The Nonnegative Matrix Factorization: Methods and Applications
by Landi, Amanda Kim, Ph.D., North Carolina State University, 2015, 120; 10586642
Abstract (Summary)

In today's world, data continues to grow in size and complexity. Thus, big data analysis is an imperative process. A popular approach for big data analysis is the use of low-dimensional matrix representations which reduce data complexity and highlight significant patterns. One technique that has recently gained popularity and success is the Nonnegative Matrix Factorization (NMF). The Nonnegative Matrix Factorization is not an exact factorization, but a decomposition of data into low-rank components and residual components. It is a representation of a data array in the form of two low-rank factor matrices with nonnegative entries. In this thesis, we will investigate the NMF as a data analysis method for the general class of data, extend NMF analysis, and explore new applications.
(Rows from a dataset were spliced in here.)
(* Let $\alpha\in[1/2,1)\cup(1,\infty)$ and let $p_{X,Y}=p_Xp_{Y\mid X}$ be a joint distribution on finite alphabets $\mathcal X\times\mathcal Y$. Starting from initial distributions $q_X^{(0)}$ on $\mathcal X$ and $q_Y^{(0)}$ on $\mathcal Y$, let $\{q_X^{(k)}\}_{k\ge0}$ and $\{q_Y^{(k)}\}_{k\ge0}$ be generated by the alternating optimization algorithm which, at each step, replaces $q_X$ by $$q_X^*(x)=\frac{\big[\sum_yp_{X,Y}(x,y)^\alpha q_Y(y)^{1-\alpha}\big]^{1/\alpha}}{\sum_{x'}\big[\sum_yp_{X,Y}(x',y)^\alpha q_Y(y)^{1-\alpha}\big]^{1/\alpha}}$$ computed from the current $q_Y$, and then replaces $q_Y$ by $$q_Y^*(y)=\frac{\big[\sum_xp_{X,Y}(x,y)^\alpha q_X(x)^{1-\alpha}\big]^{1/\alpha}}{\sum_{y'}\big[\sum_xp_{X,Y}(x,y')^\alpha q_X(x)^{1-\alpha}\big]^{1/\alpha}}$$ computed from the current $q_X$ (these are the exact minimizers of $D_\alpha(p_Xp_{Y\mid X}\|q_Xq_Y)$ in one argument with the other fixed). Then $$\lim_{k\to\infty}D_\alpha(p_Xp_{Y\mid X}\|q_X^{(k)}q_Y^{(k)})=I_\alpha^{\mathrm{LP}}(X;Y).$$
   Context: $D_\alpha(p\|q):=\frac{1}{\alpha-1}\log\sum_zp(z)^\alpha q(z)^{1-\alpha}$ is the Rényi divergence of order $\alpha$, and the Lapidoth–Pfister mutual information is $I_\alpha^{\mathrm{LP}}(X;Y):=\min_{q_X}\min_{q_Y}D_\alpha(p_Xp_{Y\mid X}\|q_Xq_Y)$. *)

theory Defs
  imports "HOL-Analysis.Analysis"
begin

definition is_dist :: "('a::finite \<Rightarrow> real) \<Rightarrow> bool" where
  "is_dist q \<longleftrightarrow> (\<forall>z. 0 \<le> q z) \<and> (\<Sum>z\<in>UNIV. q z) = 1"

text \<open>Renyi divergence of order alpha (natural logarithm), with the standard
  conventions: value +infinity if alpha > 1 and p is not absolutely continuous
  w.r.t. q, or if the sum is zero (disjoint supports, alpha < 1); terms with
  p z = 0 contribute 0.\<close>
definition renyi_div :: "real \<Rightarrow> ('a::finite \<Rightarrow> real) \<Rightarrow> ('a \<Rightarrow> real) \<Rightarrow> ereal" where
  "renyi_div \<alpha> p q =
     (let s = (\<Sum>z\<in>UNIV. p z powr \<alpha> * q z powr (1 - \<alpha>)) in
      if (1 < \<alpha> \<and> (\<exists>z. 0 < p z \<and> q z = 0)) \<or> s = 0 then \<infinity>
      else ereal (ln s / (\<alpha> - 1)))"

definition I_LP :: "real \<Rightarrow> ('x::finite \<times> 'y::finite \<Rightarrow> real) \<Rightarrow> ereal" where
  "I_LP \<alpha> p = (INF qX\<in>{q. is_dist q}. INF qY\<in>{q. is_dist q}.
       renyi_div \<alpha> p (\<lambda>(x, y). qX x * qY y))"

definition qX_star :: "real \<Rightarrow> ('x::finite \<times> 'y::finite \<Rightarrow> real) \<Rightarrow> ('y \<Rightarrow> real) \<Rightarrow> 'x \<Rightarrow> real" where
  "qX_star \<alpha> p qY x =
     (\<Sum>y\<in>UNIV. p (x, y) powr \<alpha> * qY y powr (1 - \<alpha>)) powr (1 / \<alpha>) /
     (\<Sum>x'\<in>UNIV. (\<Sum>y\<in>UNIV. p (x', y) powr \<alpha> * qY y powr (1 - \<alpha>)) powr (1 / \<alpha>))"

definition qY_star :: "real \<Rightarrow> ('x::finite \<times> 'y::finite \<Rightarrow> real) \<Rightarrow> ('x \<Rightarrow> real) \<Rightarrow> 'y \<Rightarrow> real" where
  "qY_star \<alpha> p qX y =
     (\<Sum>x\<in>UNIV. p (x, y) powr \<alpha> * qX x powr (1 - \<alpha>)) powr (1 / \<alpha>) /
     (\<Sum>y'\<in>UNIV. (\<Sum>x\<in>UNIV. p (x, y') powr \<alpha> * qX x powr (1 - \<alpha>)) powr (1 / \<alpha>))"

end

theory Submission
  imports Defs
begin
First, we discuss the NMF as a reduced representation and describe the standard NMF algorithms by Seung and Lee. These are the algorithms that concretized the concept of NMF. However, the standard NMF are slow to converge, and may not reach a desirable solution. We develop an algorithm that finds a better and more accurate representation based on the primal-dual active set method. Second, a significant aspect of the NMF problem is determination of rank for the nonnegative factors. For this purpose, we develop a method that takes advantage of the concept of NMF-singular values, and we compare this method to the statistical Akaike Information Criterion.

In summary, we advance NMF analysis conceptually, algorithmically, and extend to new applications. Particularly, in the case of the convolution, the two factors have the clear roles: convolution kernel and signal. Atoms are the prior information that classify the convolution kernel. For the case of the point-spread function, atoms are the weights that describe the kernel. Using proper atoms, we develop a method for the blind deconvolution based on a NMF representation so that we obtain an estimate of the signal as well as the kernel. In addition, we examine the triple NMF representation to increase the capability of the bilinear NMF for clustering. We advance the representation by incorporating sparsity on a third factor such that the nonzeros then highlight significant features inferring more meaning on clusters. Furthermore, we address the Principal Component Pursuit problem in terms of the NMF. That is, we develop an NMF method to find the decomposition that separates low-rank components and sparse components from data.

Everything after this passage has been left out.